Our lunch hour conversations were divided between the soaps and company gossip. They knew about middle-management embezzlements and high-level back-stabbings before anyone else did. Theirs was a byzantine world I was never quite at home in--never quite sure when they were referring to the board of directors and when to the cast of Dallas.

The old timers liked me, though, because I kept them laughing. Once in a while I took little moral stands which they found ridiculous but endearing. There was the time I refused to work on a new business pitch for our affiliate in Chile. "Because of Pinochet," I explained. And they kidded me for months afterward.
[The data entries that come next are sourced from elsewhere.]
text \<open>Elements of tensor products are represented by
  finite formal sums (lists of pairs / triples); two formal sums denote the same
  element of the algebraic tensor product iff all complex-valued multilinear
  forms agree on them (valid over a field).\<close>

definition bilin ::
  "(complex \<Rightarrow> 'a::ab_group_add \<Rightarrow> 'a) \<Rightarrow> (complex \<Rightarrow> 'b::ab_group_add \<Rightarrow> 'b)
    \<Rightarrow> (complex \<Rightarrow> 'c::ab_group_add \<Rightarrow> 'c) \<Rightarrow> ('a \<Rightarrow> 'b \<Rightarrow> 'c) \<Rightarrow> bool" where
  "bilin sa sb sc f \<longleftrightarrow>
     (\<forall>x. Vector_Spaces.linear sb sc (f x)) \<and> (\<forall>y. Vector_Spaces.linear sa sc (\<lambda>x. f x y))"

definition trilin ::
  "(complex \<Rightarrow> 'a::ab_group_add \<Rightarrow> 'a) \<Rightarrow> (complex \<Rightarrow> 'c::ab_group_add \<Rightarrow> 'c)
    \<Rightarrow> ('a \<Rightarrow> 'a \<Rightarrow> 'a \<Rightarrow> 'c) \<Rightarrow> bool" where
  "trilin s sc f \<longleftrightarrow>
     (\<forall>x y. Vector_Spaces.linear s sc (f x y)) \<and>
     (\<forall>x z. Vector_Spaces.linear s sc (\<lambda>y. f x y z)) \<and>
     (\<forall>y z. Vector_Spaces.linear s sc (\<lambda>x. f x y z))"

definition sw :: "('a \<times> 'b) list \<Rightarrow> ('a \<Rightarrow> 'b \<Rightarrow> 'c::comm_monoid_add) \<Rightarrow> 'c" where
  "sw xs f = sum_list (map (\<lambda>(x, y). f x y) xs)"

definition ten_eq ::
  "(complex \<Rightarrow> 'a::ab_group_add \<Rightarrow> 'a) \<Rightarrow> (complex \<Rightarrow> 'b::ab_group_add \<Rightarrow> 'b) \<Rightarrow> ('a \<times> 'b) list \<Rightarrow> ('a \<times> 'b) list \<Rightarrow> bool" where
  "ten_eq sa sb xs ys \<longleftrightarrow>
     (\<forall>g :: 'a \<Rightarrow> 'b \<Rightarrow> complex. bilin sa sb (*) g \<longrightarrow> sw xs g = sw ys g)"

locale comm_calg =
  fixes sm :: "complex \<Rightarrow> 'm::comm_ring_1 \<Rightarrow> 'm"
  assumes vs: "vector_space sm"
    and scale_mult: "\<And>c x y. sm c (x * y) = sm c x * y"

text \<open>A commutative Hopf algebra over the complex numbers; the coproduct of a
  is given by a Sweedler representation cop a = [(a', a''), ...].\<close>
locale comm_hopf_algebra = comm_calg sm
  for sm :: "complex \<Rightarrow> 'm::comm_ring_1 \<Rightarrow> 'm" +
  fixes cop :: "'m \<Rightarrow> ('m \<times> 'm) list"
    and cou :: "'m \<Rightarrow> complex"
    and S :: "'m \<Rightarrow> 'm"
  assumes cop_linear:
      "\<And>g :: 'm \<Rightarrow> 'm \<Rightarrow> complex. bilin sm sm (*) g \<Longrightarrow>
         Vector_Spaces.linear sm (*) (\<lambda>a. sw (cop a) g)"
    and coassoc:
      "\<And>(h :: 'm \<Rightarrow> 'm \<Rightarrow> 'm \<Rightarrow> complex) a. trilin sm (*) h \<Longrightarrow>
         sw (cop a) (\<lambda>x y. sw (cop x) (\<lambda>u v. h u v y))
       = sw (cop a) (\<lambda>x y. sw (cop y) (\<lambda>u v. h x u v))"
    and cou_linear: "Vector_Spaces.linear sm (*) cou"
    and counit_left: "\<And>a. sw (cop a) (\<lambda>x y. sm (cou x) y) = a"
    and counit_right: "\<And>a. sw (cop a) (\<lambda>x y. sm (cou y) x) = a"
    and cop_mult:
      "\<And>a b. ten_eq sm sm (cop (a * b)) [(x * u, y * v). (x, y) \<leftarrow> cop a, (u, v) \<leftarrow> cop b]"
    and cop_one: "ten_eq sm sm (cop 1) [(1, 1)]"
    and cou_mult: "\<And>a b. cou (a * b) = cou a * cou b"
    and cou_one: "cou 1 = 1"
    and S_linear: "Vector_Spaces.linear sm sm S"
    and antipode_left: "\<And>a. sw (cop a) (\<lambda>x y. S x * y) = sm (cou a) 1"
    and antipode_right: "\<And>a. sw (cop a) (\<lambda>x y. x * S y) = sm (cou a) 1"

definition cocommutative :: "(complex \<Rightarrow> 'm::ab_group_add \<Rightarrow> 'm) \<Rightarrow> ('m \<Rightarrow> ('m \<times> 'm) list) \<Rightarrow> bool" where
  "cocommutative sm cop \<longleftrightarrow> (\<forall>a. ten_eq sm sm (cop a) (map prod.swap (cop a)))"

text \<open>A-valued bicharacters on M (r is the bilinear map corresponding to the
  linear map on M tensor M).\<close>
definition bichar ::
  "(complex \<Rightarrow> 'm::comm_ring_1 \<Rightarrow> 'm) \<Rightarrow> ('m \<Rightarrow> ('m \<times> 'm) list) \<Rightarrow> ('m \<Rightarrow> complex)
    \<Rightarrow> (complex \<Rightarrow> 'a::comm_ring_1 \<Rightarrow> 'a) \<Rightarrow> ('m \<Rightarrow> 'm \<Rightarrow> 'a) \<Rightarrow> bool" where
  "bichar sm cop cou smA r \<longleftrightarrow>
     bilin sm sm smA r \<and>
     (\<forall>a. r 1 a = smA (cou a) 1 \<and> r a 1 = smA (cou a) 1) \<and>
     (\<forall>a b c. r (a * b) c = sw (cop c) (\<lambda>c1 c2. r a c1 * r b c2)) \<and>
     (\<forall>a b c. r a (b * c) = sw (cop a) (\<lambda>a1 a2. r a1 b * r a2 c))"

definition conv ::
  "('m \<Rightarrow> ('m \<times> 'm) list) \<Rightarrow> ('m \<Rightarrow> 'm \<Rightarrow> 'a::comm_ring_1) \<Rightarrow> ('m \<Rightarrow> 'm \<Rightarrow> 'a) \<Rightarrow> 'm \<Rightarrow> 'm \<Rightarrow> 'a" where
  "conv cop r t a b = sw (cop a) (\<lambda>a1 a2. sw (cop b) (\<lambda>b1 b2. r a1 b1 * t a2 b2))"

definition transp :: "('m \<Rightarrow> 'm \<Rightarrow> 'a) \<Rightarrow> 'm \<Rightarrow> 'm \<Rightarrow> 'a" where
  "transp r a b = r b a"

definition binv :: "('m \<Rightarrow> 'm) \<Rightarrow> ('m \<Rightarrow> 'm \<Rightarrow> 'a) \<Rightarrow> 'm \<Rightarrow> 'm \<Rightarrow> 'a" where
  "binv S r a b = r (S a) b"

definition symz :: "('m \<Rightarrow> ('m \<times> 'm) list) \<Rightarrow> ('m \<Rightarrow> 'm \<Rightarrow> 'a::comm_ring_1) \<Rightarrow> 'm \<Rightarrow> 'm \<Rightarrow> 'a" where
  "symz cop r = conv cop r (transp r)"

text \<open>Elements of M_A = M tensor A are formal sums [(m_i, a_i)].  EQ_r, extended A-linearly:
  m tensor c maps to sum r(m' tensor m'') m''' tensor c.\<close>
definition EQ :: "('m \<Rightarrow> ('m \<times> 'm) list) \<Rightarrow> ('m \<Rightarrow> 'm \<Rightarrow> 'a::comm_ring_1) \<Rightarrow> ('m \<times> 'a) list \<Rightarrow> ('m \<times> 'a) list" where
  "EQ cop r xs = [(m3, r u v * c). (m, c) \<leftarrow> xs, (m1, m3) \<leftarrow> cop m, (u, v) \<leftarrow> cop m1]"

definition bullet ::
  "('m::comm_ring_1 \<Rightarrow> ('m \<times> 'm) list) \<Rightarrow> ('m \<Rightarrow> 'm \<Rightarrow> 'a::comm_ring_1)
    \<Rightarrow> ('m \<times> 'a) list \<Rightarrow> ('m \<times> 'a) list \<Rightarrow> ('m \<times> 'a) list" where
  "bullet cop t xs ys =
     [(m1 * n1, t m2 n2 * (a * b)). (m, a) \<leftarrow> xs, (n, b) \<leftarrow> ys, (m1, m2) \<leftarrow> cop m, (n1, n2) \<leftarrow> cop n]"

end

theory Submission
  imports Defs
begin

text \<open>Elements of \<open>M \<otimes> M\<close> and of \<open>M\<^sub>A\<close> are formal sums compared through bilinear test forms,
  so every claim becomes an identity between iterated Sweedler sums. By coassociativity such a
  sum of a multilinear function depends only on the number of tensor factors, and by
  cocommutativity it is invariant under permuting them. Hence \<open>EQ t \<circ> EQ r = EQ (r \<star> t)\<close>
  and \<open>EQ \<epsilon> = id\<close> for the convolution unit \<open>\<epsilon> = \<eta> \<otimes> \<eta>\<close>; as \<open>r\<inverse> \<star> r = \<epsilon> = r \<star> r\<inverse>\<close>
  by the antipode axioms, \<open>EQ r\<inverse>\<close> inverts \<open>EQ r\<close>. Expanding \<open>r (ab \<otimes> cd)\<close> with the
  bicharacter axioms turns both \<open>EQ r (x y)\<close> and \<open>EQ r x \<bullet>\<^sub>s EQ r y\<close>, \<open>s = r \<star> r\<^sup>t\<close>, into the
  same fourfold Sweedler sum up to a permutation of the factors. Conjugating this identity by
  \<open>EQ r\<^sub>1\<inverse>\<close> gives the theorem.\<close>

lemma vector_space_complex_mult: "vector_space ((*) :: complex \<Rightarrow> complex \<Rightarrow> complex)"
  unfolding vector_space_def module_def by (auto simp: algebra_simps)
(* As formal power series in $z$, $$\sum_{n\ge0}\frac{r_n(s,q^2)}{(q;q)_n}z^n=\frac{e_q(sz)\,e_q(z)}{e_{q^2}(qsz^2)}.$$ Equivalently, for every integer $n\ge0$: (i) $r_n(s,q^2)=\sum_{j=0}^{\lfloor n/2\rfloor}(-1)^jq^{j^2}(q;q^2)_j\begin{bmatrix} n\\ 2j\end{bmatrix}_q s^j\,r_{n-2j}(s,q)$; (ii) $r_n(s,q^2)=\sum_{j=0}^{\lfloor n/2\rfloor}\begin{bmatrix} n\\ 2j\end{bmatrix}_q(q;q^2)_j(qs;q^2)_j\,s^{n-2j}\Big(-\frac1s;q\Big)_{n-2j}$; (iii) $\sum_{k=0}^{2n}(-1)^k(-s;q)_k\begin{bmatrix} 2n\\ k\end{bmatrix}_q r_{2n-k}(s,q^2)=(q;q^2)_n(qs;q^2)_n$ and $\sum_{k=0}^{2n+1}(-1)^k(-s;q)_k\begin{bmatrix} 2n+1\\ k\end{bmatrix}_q r_{2n+1-k}(s,q^2)=0$.
   Context: $q$ is an indeterminate. $(x;q)_n=\prod_{j=0}^{n-1}(1-q^jx)$. The Gaussian binomial coefficient is $\begin{bmatrix} n\\ j\end{bmatrix}_q=\frac{(q;q)_n}{(q;q)_j(q;q)_{n-j}}$ for $0\le j\le n$ and $0$ otherwise. The Rogers–Szegö polynomials are $r_n(s,q)=\sum_{j=0}^n\begin{bmatrix} n\\ j\end{bmatrix}_q s^j$. $e_q(w)=\sum_{n\ge0}\frac{w^n}{(q;q)_n}$ as a formal power series, and $1/e_q(w)$ denotes its formal reciprocal. *)

theory Defs
  imports "HOL-Computational_Algebra.Formal_Power_Series"
begin

definition qpoch :: "'a::field \<Rightarrow> 'a \<Rightarrow> nat \<Rightarrow> 'a" where
  "qpoch x q n = (\<Prod>j<n. (1 - q ^ j * x))"

definition qbinom :: "'a::field \<Rightarrow> nat \<Rightarrow> nat \<Rightarrow> 'a" where
  "qbinom q n j = (if j \<le> n then qpoch q q n / (qpoch q q j * qpoch q q (n - j)) else 0)"

definition rogers_szego :: "nat \<Rightarrow> 'a::field \<Rightarrow> 'a \<Rightarrow> 'a" where
  "rogers_szego n s q = (\<Sum>j=0..n. qbinom q n j * s ^ j)"

definition qexp :: "'a::field \<Rightarrow> 'a fps" where
  "qexp q = Abs_fps (\<lambda>n. 1 / qpoch q q n)"

end

theory Submission
  imports Defs
begin

text \<open>
Write \<open>f(cz)\<close> for \<open>fps_dilate c f\<close>. If \<open>q\<close> is not a root of unity, a power series \<open>G\<close> is
determined by \<open>G(0)\<close> and a \<open>q\<close>-difference equation \<open>Q(z) G(qz) = P(z) G(z)\<close> with
\<open>Q(0) = P(0) = 1\<close>: the coefficient of \<open>z^n\<close> expresses \<open>(q^n - 1) g_n\<close> through \<open>g_0, ..., g_(n-1)\<close>.

The series \<open>F(z) = \<Sum>n. r_n(s,q^2) z^n / (q;q)_n\<close> satisfies
\<open>(1 - qsz^2) F(qz) = (1 - z)(1 - sz) F(z)\<close>, which is the three-term recurrence of the
Rogers-Szego polynomials in base \<open>q^2\<close> (itself read off from \<open>e_p(pz) = (1 - z) e_p(z)\<close> and
\<open>\<Sum>n. r_n(s,p) z^n / (p;p)_n = e_p(sz) e_p(z)\<close>). Each factor of the products
  \<open>e_q(sz) e_q(z) E_(q^2)(-qsz^2)\<close>,   \<open>\<phi>(z^2) \<psi>(sz)\<close>,   \<open>\<chi>(-z) F(z)\<close>
satisfies a first-order \<open>q\<close>-difference equation, so the first two products equal \<open>F\<close> and the
third equals \<open>\<phi>(z^2)\<close>. Here \<open>\<phi>(w) = \<Sum>n. (qs;q^2)_n w^n / (q^2;q^2)_n\<close>,
\<open>\<psi>(w) = \<Sum>n. (-1/s;q)_n w^n / (q;q)_n\<close>, \<open>\<chi>(w) = \<Sum>n. (-s;q)_n w^n / (q;q)_n\<close>, and
\<open>E_p(w) = \<Sum>n. p^(n choose 2) w^n / (p;p)_n\<close> is Euler's second q-exponential, with
\<open>e_p(w) E_p(-w) = 1\<close>. Comparing coefficients in the three identities gives (i), (ii) and (iii).
\<close>

unbundle fps_syntax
After two years, when I finally left advertising to return to school, I felt like a prisoner on parole, leaving his fellow inmates behind. The old timers threw me a party and wished me the best of luck. I knew they were envious. I'd managed to escape but they were stuck.

The delivery man in the elevator--he was stuck too. Yet he sang on his way to work.

"All those sorrowful faces," he said, shaking his head.

How was it, I wondered,  that some people kept on singing, while other just went on--silent?

"Have a good day, ya hear?" he said as the got off at the fifth floor. As the elevator door closed, I heard him humming a bluesy tune.

Maybe he was singing for all the others--the silent ones, the old timers, I mused. And I thought of his ancestors, how they sang in the cotton fields and how they called their songs "the sorrow songs."


1 comment:

Unknown said...

This story reminded me of one of my Dad's stories, "I Gave at the Office." Also, it was a great description of my life. It makes me think my life must be dreary! Not really, my job is drearY!!! The thing is, it's best to be positive and keep on singing.